** Data for this exercise **
BEGIN

lemma op_poly_eq_sum_lessThan:
  assumes "degree q < N"
  shows "op_poly s q T v = (\<Sum>i<N. s (coeff q i) ((T ^^ i) v))"
proof -
  have "op_poly s q T v = (\<Sum>i<Suc (degree q). s (coeff q i) ((T ^^ i) v))"
    unfolding op_poly_def by (simp add: lessThan_Suc_atMost)
  also have "\<dots> = (\<Sum>i<N. s (coeff q i) ((T ^^ i) v))"
    by (rule sum.mono_neutral_left) (use assms in \<open>auto simp: coeff_eq_0\<close>)
  finally show ?thesis .
qed

lemma op_poly_0 [simp]: "op_poly s 0 T v = 0"
  by (simp add: op_poly_def)

lemma op_poly_1 [simp]: "op_poly s 1 T v = v"
  by (simp add: op_poly_def)

lemma op_poly_const: "op_poly s [:a:] T v = s a v"
  by (simp add: op_poly_def)

context
  fixes T :: "'v \<Rightarrow> 'v"
  assumes T: "Vector_Spaces.linear s s T"
begin

interpretation T: Vector_Spaces.linear s s T by (fact T)

lemma op_poly_pCons: "op_poly s (pCons a q) T v = s a v + T (op_poly s q T v)"
proof -
  let ?N = "Suc (degree q)"
  have "op_poly s (pCons a q) T v = (\<Sum>i<Suc ?N. s (coeff (pCons a q) i) ((T ^^ i) v))"
    using degree_pCons_le[of a q] by (intro op_poly_eq_sum_lessThan) simp
  also have "\<dots> = s a v + (\<Sum>i<?N. s (coeff q i) ((T ^^ Suc i) v))"
    by (subst sum.lessThan_Suc_shift) simp
  also have "(\<Sum>i<?N. s (coeff q i) ((T ^^ Suc i) v)) = T (\<Sum>i<?N. s (coeff q i) ((T ^^ i) v))"
    by (simp add: T.sum T.scale del: sum.lessThan_Suc)
  also have "(\<Sum>i<?N. s (coeff q i) ((T ^^ i) v)) = op_poly s q T v"
    by (rule op_poly_eq_sum_lessThan[symmetric]) simp
  finally show ?thesis .
qed

lemma linear_op_poly: "Vector_Spaces.linear s s (op_poly s q T)"
proof (induct q rule: pCons_induct)
  case 0
  show ?case by (rule linear_module_homI) (simp add: module_hom_iff module_axioms)
next
  case (pCons a p)
  interpret p: Vector_Spaces.linear s s "op_poly s p T" by (fact pCons.hyps(2))
  show ?case
    by (rule linear_module_homI)
       (simp add: module_hom_iff module_axioms op_poly_pCons p.add p.scale T.add T.scale
        scale_right_distrib scale_left_commute)
qed

lemma op_poly_scale_right: "op_poly s q T (s a v) = s a (op_poly s q T v)"
proof -
  interpret Q: Vector_Spaces.linear s s "op_poly s q T" by (rule linear_op_poly)
  show ?thesis by (rule Q.scale)
qed

lemma op_poly_add: "op_poly s (p + q) T v = op_poly s p T v + op_poly s q T v"
proof (induct p arbitrary: q rule: pCons_induct)
  case (pCons a p)
  obtain b q' where "q = pCons b q'" by (cases q)
  then show ?case by (simp add: op_poly_pCons pCons.hyps T.add algebra_simps)
qed simp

END

** Action item **
The whole of the material should be restated word for word.

** Solution for this problem **
lemma op_poly_eq_sum_lessThan:
  assumes "degree q < N"
  shows "op_poly s q T v = (\<Sum>i<N. s (coeff q i) ((T ^^ i) v))"
proof -
  have "op_poly s q T v = (\<Sum>i<Suc (degree q). s (coeff q i) ((T ^^ i) v))"
    unfolding op_poly_def by (simp add: lessThan_Suc_atMost)
  also have "\<dots> = (\<Sum>i<N. s (coeff q i) ((T ^^ i) v))"
    by (rule sum.mono_neutral_left) (use assms in \<open>auto simp: coeff_eq_0\<close>)
  finally show ?thesis .
qed

lemma op_poly_0 [simp]: "op_poly s 0 T v = 0"
  by (simp add: op_poly_def)

lemma op_poly_1 [simp]: "op_poly s 1 T v = v"
  by (simp add: op_poly_def)

lemma op_poly_const: "op_poly s [:a:] T v = s a v"
  by (simp add: op_poly_def)

context
  fixes T :: "'v \<Rightarrow> 'v"
  assumes T: "Vector_Spaces.linear s s T"
begin

interpretation T: Vector_Spaces.linear s s T by (fact T)

lemma op_poly_pCons: "op_poly s (pCons a q) T v = s a v + T (op_poly s q T v)"
proof -
  let ?N = "Suc (degree q)"
  have "op_poly s (pCons a q) T v = (\<Sum>i<Suc ?N. s (coeff (pCons a q) i) ((T ^^ i) v))"
    using degree_pCons_le[of a q] by (intro op_poly_eq_sum_lessThan) simp
  also have "\<dots> = s a v + (\<Sum>i<?N. s (coeff q i) ((T ^^ Suc i) v))"
    by (subst sum.lessThan_Suc_shift) simp
  also have "(\<Sum>i<?N. s (coeff q i) ((T ^^ Suc i) v)) = T (\<Sum>i<?N. s (coeff q i) ((T ^^ i) v))"
    by (simp add: T.sum T.scale del: sum.lessThan_Suc)
  also have "(\<Sum>i<?N. s (coeff q i) ((T ^^ i) v)) = op_poly s q T v"
    by (rule op_poly_eq_sum_lessThan[symmetric]) simp
  finally show ?thesis .
qed

lemma linear_op_poly: "Vector_Spaces.linear s s (op_poly s q T)"
proof (induct q rule: pCons_induct)
  case 0
  show ?case by (rule linear_module_homI) (simp add: module_hom_iff module_axioms)
next
  case (pCons a p)
  interpret p: Vector_Spaces.linear s s "op_poly s p T" by (fact pCons.hyps(2))
  show ?case
    by (rule linear_module_homI)
       (simp add: module_hom_iff module_axioms op_poly_pCons p.add p.scale T.add T.scale
        scale_right_distrib scale_left_commute)
qed

lemma op_poly_scale_right: "op_poly s q T (s a v) = s a (op_poly s q T v)"
proof -
  interpret Q: Vector_Spaces.linear s s "op_poly s q T" by (rule linear_op_poly)
  show ?thesis by (rule Q.scale)
qed

lemma op_poly_add: "op_poly s (p + q) T v = op_poly s p T v + op_poly s q T v"
proof (induct p arbitrary: q rule: pCons_induct)
  case (pCons a p)
  obtain b q' where "q = pCons b q'" by (cases q)
  then show ?case by (simp add: op_poly_pCons pCons.hyps T.add algebra_simps)
qed simp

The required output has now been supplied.